# Group By Example using RDD

In this notebook we would look at creating RDD using a text file which contains customer data and then we will find the customer counts based on cities,

RDD's are building blocks for Spark and we shall export a few methods to handle data analysis using them.

# Setup the Spark Context
## Set the Java path

In [1]:
# SPARK works with only java 8 so specify the java8 path
import os
os.environ['JAVA_HOME'] = r'C:\Program Files\Java\jdk1.8.0_202'

## Setup SparkContext

In [2]:
# SparkContext will be the starting point for any execution
from pyspark import SparkContext, SparkConf

#Specify the host ip of for spark 
conf = SparkConf().set('spark.driver.host', '127.0.0.1')

# Specify the SparkContext based on above configuration
sc = SparkContext(master='local', appName='myAppName', conf=conf)

# Get Input data

Usually this would be from HDFS, however for now it would be local machine path
and guess what spark can support txt, csv, JSON and many other data sources

In [3]:
# Read the csv file and load it into an RDD with name input
input=sc.textFile('group_by_test.txt')

## Check the RDD

In [4]:
input

group_by_test.txt MapPartitionsRDD[1] at textFile at NativeMethodAccessorImpl.java:0

The RDD is an object and not a pandas dataframe, hence we would need special functions to view data in it.

In [5]:
# View top 3 records
input.top(3)

['Cust_9999997,,India,east,Jharkand,Ranchi,2020-01-10 15:10:38.562000',
 'Cust_9999995,,India,south,tamil nadu,Chennai,2020-01-10 15:10:38.562000',
 'Cust_9999964,,India,west,Maharashtra,Mumbai,2020-01-10 15:10:38.562000']

In [6]:
# View random 5 records
input.take(5)

['Cust_2337980,,India,south,karnataka,Bangalore,2020-01-10 15:10:38.562000',
 'Cust_5132227,,India,north,Haryana,Rohtak,2020-01-10 15:10:38.562000',
 'Cust_3758463,,India,west,Gujarat,Ahmedabad,2020-01-10 15:10:38.562000',
 'Cust_5782791,,India,north,UttarPradesh,Kanpur,2020-01-10 15:10:38.562000',
 'Cust_6471658,,India,north,Haryana,Rohtak,2020-01-10 15:10:38.562000']

# Bring out City value

RDD's are immutable, which means, once there is a value in RDD, it cannot be overridden.
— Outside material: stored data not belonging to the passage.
(* Let $n\ge 2$ and $1\le i\le n-1$. Then $S_i(n)(c_1,\dots,c_{n-1})$, as a polynomial in indeterminates $c_1,\dots,c_{n-1}$, involves only $c_1,\dots,c_{n-i}$, has total degree at most $\min\{[\frac{2(n-i)+1}{3}],[\frac{n+1}{2}]\}$, and has the form \[\tilde F(c_1,\dots,c_{n-i-1})+\frac{(-1)^i}{2^i\,i!}\,c_{n-i}\] for some polynomial $\tilde F$ (depending on $n$ and $i$) with rational coefficients.
   Context: Let $a_0,a_1,\dots$ be indeterminates and $a(x)=\sum_{i\ge0}a_ix^i$. For a positive integer $j$ set $G(x)=\prod_{i=0}^{j-1}\frac{1+a(x)x^2}{1+ix}$, $H(x)=\prod_{i=1-j}^{-1}\frac{1+ix}{1+a(x)x^2}$, $u=2j-1$, $v=j(j-1)$. For each $n\ge1$ there are unique polynomials $S_0(n),\dots,S_n(n)\in\mathbb{Q}[a_0,\dots,a_{n-2}]$, independent of $j$, such that for every positive integer $j$ the coefficient of $x^{n-1}$ in $\frac{G(x)-H(x)}{x^2}(1+a(x)x^2)$ equals $u\big(a_{n-1}+S_0(n)+\sum_{i=1}^nS_i(n)v^i\big)$. $S_i(n)(c_1,\dots,c_{n-1})$ denotes the result of substituting $a_k=c_{k+1}$ for $0\le k\le n-2$. $[x]$ is the integer part of $x$. *)

theory Defs
  imports Complex_Main "HOL-Library.Poly_Mapping" "HOL-Computational_Algebra.Formal_Power_Series"
begin

text \<open>Multivariate polynomials over the rationals in the indeterminates a_0, a_1, ...
  (variable a_k has index k): finitely supported maps from monomials to coefficients.\<close>
type_synonym mpoly = "(nat \<Rightarrow>\<^sub>0 nat) \<Rightarrow>\<^sub>0 rat"

definition mvar :: "nat \<Rightarrow> mpoly" where
  "mvar k = Poly_Mapping.single (Poly_Mapping.single k 1) 1"

definition mconst :: "rat \<Rightarrow> mpoly" where
  "mconst c = Poly_Mapping.single 0 c"

definition mvars :: "mpoly \<Rightarrow> nat set" where
  "mvars p = (\<Union>m\<in>Poly_Mapping.keys p. Poly_Mapping.keys m)"

definition tdeg :: "mpoly \<Rightarrow> nat" where
  "tdeg p = Max (insert 0 ((\<lambda>m. sum (Poly_Mapping.lookup m) (Poly_Mapping.keys m)) ` Poly_Mapping.keys p))"

definition fps_inv1 :: "mpoly fps \<Rightarrow> mpoly fps" where
  "fps_inv1 f = (THE g. f * g = 1)"

definition aser :: "mpoly fps" where
  "aser = Abs_fps (\<lambda>i. mvar i)"

definition Gser :: "nat \<Rightarrow> mpoly fps" where
  "Gser j = (\<Prod>i\<in>{0..<j}. (1 + aser * fps_X ^ 2) * fps_inv1 (1 + of_nat i * fps_X))"

definition Hser :: "nat \<Rightarrow> mpoly fps" where
  "Hser j = (\<Prod>i\<in>{1 - int j .. -1}. (1 + of_int i * fps_X) * fps_inv1 (1 + aser * fps_X ^ 2))"

definition coeffGH :: "nat \<Rightarrow> nat \<Rightarrow> mpoly" where
  "coeffGH n j = fps_nth (fps_shift 2 (Gser j - Hser j) * (1 + aser * fps_X ^ 2)) (n - 1)"

definition is_S :: "nat \<Rightarrow> (nat \<Rightarrow> mpoly) \<Rightarrow> bool" where
  "is_S n S \<longleftrightarrow>
     (\<forall>i. mvars (S i) \<subseteq> {..<n - 1}) \<and> (\<forall>i>n. S i = 0) \<and>
     (\<forall>j::nat. j \<ge> 1 \<longrightarrow>
        coeffGH n j = of_int (2 * int j - 1) *
          (mvar (n - 1) + S 0 + (\<Sum>i=1..n. S i * of_int (int j * (int j - 1)) ^ i)))"

end

theory Submission
  imports Defs "HOL-Computational_Algebra.Polynomial"
begin

text \<open>
  Write j = k + 1. By induction on s, using the recurrences
  G_{k+2} (1 + (k+1) x) = G_{k+1} (1 + a x^2) and H_{k+2} (1 + a x^2) = H_{k+1} (1 - (k+1) x),
  the coefficient of x^s in G_{k+1} (and in H_{k+1}) is a polynomial in k over Q[a], in which a
  monomial a^m of weight W = \<Sum> l m_l and degree D = \<Sum> m_l occurs only if W + 2D \<le> s, and
  then only with powers k^d, d \<le> 2s - 2W - 3D. Hence the coefficient of a^m in coeffGH n (k+1)
  is a rational polynomial in k of degree at most 2(n+1) - 2W - 3D, with W + 2D \<le> n + 1. By the
  defining identity of the S_i it also equals (2k+1) C(k^2+k), where C collects the coefficients
  of a^m in the S_i, so its degree is at least 2i + 1 whenever a^m occurs in S_i. The resulting
  inequality 2i + 1 \<le> 2(n+1) - 2W - 3D bounds the variables and the degree of S_i, and leaves
  a_{n-i-1} as the only monomial of S_i containing a_{n-i-1}. For it the bound is attained, and
  its coefficient comes from the top coefficients of the polynomials in k, which by the
  recurrences satisfy 2(r+1) c_{r+1} = - c_r, so c_r = (-1/2)^r / r!.
\<close>

unbundle fps_syntax

abbreviation "keys \<equiv> Poly_Mapping.keys"

abbreviation "lookup \<equiv> Poly_Mapping.lookup"

abbreviation "single \<equiv> Poly_Mapping.single"

lemma poly_eqI_of_nat:
  fixes p q :: "'a::{idom, ring_char_0} poly"
  assumes "\<And>j. poly p (of_nat j) = poly q (of_nat j)"
  shows "p = q"
proof (rule ccontr)
  assume "p \<noteq> q"
  then have "finite {x. poly (p - q) x = 0}" by (intro poly_roots_finite) simp
  moreover have "range (of_nat :: nat \<Rightarrow> 'a) \<subseteq> {x. poly (p - q) x = 0}" using assms by auto
  ultimately show False
    using infinite_UNIV_char_0 finite_subset range_inj_infinite[OF inj_of_nat] by blast
qed

lemma degree_pcompose_linear: "degree (pcompose Q [:c, 1:]) = degree (Q::'a::idom poly)"
  by (simp add: degree_pcompose)

lemma coeff_pcompose_linear_top:
  fixes Q :: "'a::idom poly"
  assumes "degree Q \<le> D"
  shows "coeff (pcompose Q [:c, 1:]) D = coeff Q D"
proof (cases "degree Q = D")
  case True
  then show ?thesis using lead_coeff_comp[of "[:c, 1:]" Q] degree_pcompose_linear[of Q c] by simp
next
  case False
  then show ?thesis using assms degree_pcompose_linear[of Q c] by (simp add: coeff_eq_0)
qed

lemma coeff_pcompose_shift_diff:
  fixes Q :: "'a::comm_ring_1 poly"
  assumes "degree Q \<le> D" "0 < D"
  shows "coeff (pcompose Q [:1, 1:] - Q) (D - 1) = of_nat D * coeff Q D"
proof -
  have "pcompose (monom c i) q = smult c (q ^ i)" for c :: 'a and i and q
    by (induction i) (simp_all add: monom_Suc pcompose_pCons monom_0)
  then have "pcompose Q [:1, 1:] = (\<Sum>i\<le>D. smult (coeff Q i) ([:1, 1:] ^ i))"
    by (subst poly_as_sum_of_monoms'[OF assms(1), symmetric]) (simp add: pcompose_sum)
  moreover have "coeff ([:1, 1:] ^ i) (D - 1) = (of_nat (i choose (D - 1)) :: 'a)" for i
    using coeff_linear_poly_power[of "D - 1" i "1::'a" 1]
    by (cases "D - 1 \<le> i") (simp_all add: binomial_eq_0 coeff_eq_0 degree_linear_power)
  ultimately have "coeff (pcompose Q [:1, 1:]) (D - 1) = (\<Sum>i\<le>D. coeff Q i * of_nat (i choose (D - 1)))"
    by (simp add: coeff_sum)
  also have "\<dots> = (\<Sum>i\<in>{D - 1, D}. coeff Q i * of_nat (i choose (D - 1)))"
  proof (rule sum.mono_neutral_right)
    show "\<forall>i\<in>{..D} - {D - 1, D}. coeff Q i * of_nat (i choose (D - 1)) = 0"
    proof
      fix i assume "i \<in> {..D} - {D - 1, D}"
      then have "i < D - 1" by auto
      then show "coeff Q i * of_nat (i choose (D - 1)) = 0" by (simp add: binomial_eq_0)
    qed
  qed auto
  also have "\<dots> = coeff Q (D - 1) + coeff Q D * of_nat D"
  proof -
    have "D - 1 \<noteq> D" using assms(2) by simp
    moreover have "D choose (D - 1) = D" using assms(2) by (subst binomial_symmetric) auto
    ultimately show ?thesis by simp
  qed
  finally show ?thesis by (simp add: mult.commute)
qed

lemma coeff_linear_mult_Suc:
  "coeff ([:1, 1:] * Q) (Suc d) = coeff Q (Suc d) + coeff (Q::'a::comm_semiring_1 poly) d"
  by simp

lemma binomial_plus_one:
  "((x::'a::comm_semiring_1) + 1) ^ Suc d =
     x ^ Suc d + of_nat (Suc d) * x ^ d + (\<Sum>k<d. of_nat (Suc d choose k) * x ^ k)"
proof -
  have "(x + 1) ^ Suc d = (\<Sum>k\<le>Suc d. of_nat (Suc d choose k) * x ^ k)"
    using binomial_ring[of x 1 "Suc d"] by simp
  also have "\<dots> = x ^ Suc d + of_nat (Suc d choose d) * x ^ d + (\<Sum>k<d. of_nat (Suc d choose k) * x ^ k)"
    by (simp add: sum.atMost_Suc lessThan_Suc_atMost[symmetric] sum.lessThan_Suc ac_simps)
  also have "Suc d choose d = Suc d" by (subst binomial_symmetric) auto
  finally show ?thesis by simp
qed

lemma exists_antidifference_power:
  "\<exists>A::'a::field_char_0 poly.
     degree A \<le> Suc d \<and> poly A 0 = 0 \<and> (\<forall>x. poly A (x + 1) - poly A x = x ^ d)"
proof (induction d rule: less_induct)
  case (less d)
  then have "\<forall>k\<in>{..<d}. \<exists>A::'a poly. degree A \<le> Suc k \<and> poly A 0 = 0 \<and>
      (\<forall>x. poly A (x + 1) - poly A x = x ^ k)"
    by blast
  from bchoice[OF this] obtain F :: "nat \<Rightarrow> 'a poly" where "\<forall>k\<in>{..<d}. degree (F k) \<le> Suc k \<and>
      poly (F k) 0 = 0 \<and> (\<forall>x. poly (F k) (x + 1) - poly (F k) x = x ^ k)"
    by blast
  then have F: "\<And>k. k < d \<Longrightarrow> degree (F k) \<le> Suc k \<and>
      poly (F k) 0 = 0 \<and> (\<forall>x. poly (F k) (x + 1) - poly (F k) x = x ^ k)"
    by simp
  \<comment> \<open>(x + 1)^(d+1) - x^(d+1) is (d + 1) x^d plus lower powers with known antidifferences\<close>
  define A where
    "A = smult (1 / of_nat (Suc d)) (monom 1 (Suc d) - (\<Sum>k<d. smult (of_nat (Suc d choose k)) (F k)))"
  have "degree A \<le> Suc d"
  proof -
    have "degree (\<Sum>k<d. smult (of_nat (Suc d choose k)) (F k)) \<le> Suc d"
    proof (rule degree_sum_le)
      fix k assume "k \<in> {..<d}"
      then show "degree (smult (of_nat (Suc d choose k)) (F k)) \<le> Suc d"
        using F[of k] degree_smult_le[of _ "F k"]
        by (meson le_trans lessThan_iff less_imp_le_nat not_less_eq_eq)
    qed simp
    moreover have "degree (monom (1::'a) (Suc d)) \<le> Suc d" by (simp add: degree_monom_le)
    ultimately show ?thesis unfolding A_def
      by (meson degree_diff_le degree_smult_le le_trans)
  qed
  moreover have "poly A 0 = 0"
    unfolding A_def using F by (simp add: poly_sum poly_monom)
  moreover have "poly A (x + 1) - poly A x = x ^ d" for x
  proof -
    let ?B = "\<lambda>y. \<Sum>k<d. of_nat (Suc d choose k) * poly (F k) y"
    have s: "?B (x + 1) - ?B x = (\<Sum>k<d. of_nat (Suc d choose k) * x ^ k)"
      by (simp add: sum_subtractf[symmetric] right_diff_distrib[symmetric] F)
    have "poly A (x + 1) - poly A x =
        1 / of_nat (Suc d) * (((x + 1) ^ Suc d - x ^ Suc d) - (?B (x + 1) - ?B x))"
      unfolding A_def by (simp add: poly_sum poly_monom algebra_simps)
    also have "\<dots> = 1 / of_nat (Suc d) * (of_nat (Suc d) * x ^ d)"
      unfolding s binomial_plus_one by simp
    also have "\<dots> = x ^ d" using of_nat_neq_0[of d, where ?'a = 'a] by (simp del: of_nat_Suc)
    finally show ?thesis .
  qed
  ultimately show ?case by blast
qed

text \<open>With j = k + 1 we have u = 2j - 1 = 1 + 2k and v = j(j - 1) = k + k^2.\<close>

definition uv_poly :: "'a::comm_ring_1 poly \<Rightarrow> 'a poly" where
  "uv_poly C = [:1, 2:] * pcompose C [:0, 1, 1:]"

lemma poly_uv_poly: "poly (uv_poly C) x = (1 + 2 * x) * poly C (x + x ^ 2)"
  by (simp add: uv_poly_def poly_pcompose algebra_simps power2_eq_square)

lemma degree_uv_poly:
  fixes C :: "'a::{idom, ring_char_0} poly"
  assumes "C \<noteq> 0"
  shows "degree (uv_poly C) = 2 * degree C + 1" and "lead_coeff (uv_poly C) = 2 * lead_coeff C"
proof -
  have "lead_coeff (pcompose C [:0, 1, 1:]) = lead_coeff C"
    by (subst lead_coeff_comp) simp_all
  then have "pcompose C [:0, 1, 1:] \<noteq> 0" using assms by auto
  moreover have "degree (pcompose C [:0, 1, 1:]) = degree C * 2" by (simp add: degree_pcompose)
  ultimately show "degree (uv_poly C) = 2 * degree C + 1"
    unfolding uv_poly_def by (subst degree_mult_eq) auto
  show "lead_coeff (uv_poly C) = 2 * lead_coeff C"
    unfolding uv_poly_def lead_coeff_mult \<open>lead_coeff (pcompose C [:0, 1, 1:]) = lead_coeff C\<close> by simp
qed

lemma degree_uv_poly_ge:
  fixes C :: "'a::{idom, ring_char_0} poly"
  assumes "coeff C i \<noteq> 0"
  shows "2 * i + 1 \<le> degree (uv_poly C)"
proof -
  have "C \<noteq> 0" and "i \<le> degree C" using assms by (auto intro: le_degree)
  then show ?thesis using degree_uv_poly(1)[OF \<open>C \<noteq> 0\<close>] by simp
qed

lemma coeff_uv_poly_top:
  fixes C :: "'a::{idom, ring_char_0} poly"
  assumes "degree (uv_poly C) \<le> 2 * i + 1"
  shows "coeff (uv_poly C) (2 * i + 1) = 2 * coeff C i"
proof (cases "coeff C i = 0")
  case True
  show ?thesis
  proof (cases "C = 0")
    case False
    then have "degree C \<noteq> i" using True by auto
    moreover have "degree C \<le> i" using assms degree_uv_poly(1)[OF False] by simp
    ultimately have "degree (uv_poly C) < 2 * i + 1" using degree_uv_poly(1)[OF False] by simp
    then show ?thesis using True by (simp add: coeff_eq_0)
  qed (simp add: uv_poly_def)
next
  case False
  then have "C \<noteq> 0" and "i \<le> degree C" by (auto intro: le_degree)
  then have "degree C = i" and "degree (uv_poly C) = 2 * i + 1"
    using assms degree_uv_poly(1)[OF \<open>C \<noteq> 0\<close>] by simp_all
  then show ?thesis using degree_uv_poly(2)[OF \<open>C \<noteq> 0\<close>] by simp
qed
Hence for any transformations, it would create a new RDD

In [7]:
input.map(lambda x:x.split(',')[5])

PythonRDD[4] at RDD at PythonRDD.scala:53

The above line says PythonRDD[4] as this would be the 4th transformation on the input RDD from intiation

In [8]:
# Make city a seperate RDD
city=input.map(lambda x:x.split(',')[5])

In [9]:
city.top(4)

['Vadodara', 'Vadodara', 'Vadodara', 'Vadodara']

# Check cities and their counts

In [10]:
counts=city.countByValue()

In [11]:
counts

defaultdict(int,
            {'Bangalore': 6153,
             'Rohtak': 6403,
             'Ahmedabad': 6216,
             'Kanpur': 6323,
             'Ranchi': 6250,
             'Mysore': 6255,
             'Lucknow': 6258,
             'Vadodara': 6307,
             'Chennai': 6127,
             'Pune': 6327,
             'Madhurai': 6271,
             'Gurgaon': 6205,
             'Jamshedpur': 6266,
             'Darjeeling': 6285,
             'Kolkata': 6204,
             'Mumbai': 6150})

# Stop the SPARK Context

In [12]:
sc.stop()

# Summary

1. SparkContext will be the starting point
2. We can read data from multiple data sources
3. RDD's are immutable and hence we will get a new RDD each time a transformation is ran
4. 'top' is a function to check first rows, 'take' is similar to sample in pandas
5. we can write 'map' and 'lambda' similar to pandas dataframe to work on all elements
6. 'countByValue' is similar to value_counts() which will give the counts for each value.
7. SparkContext once started should be stopped at end.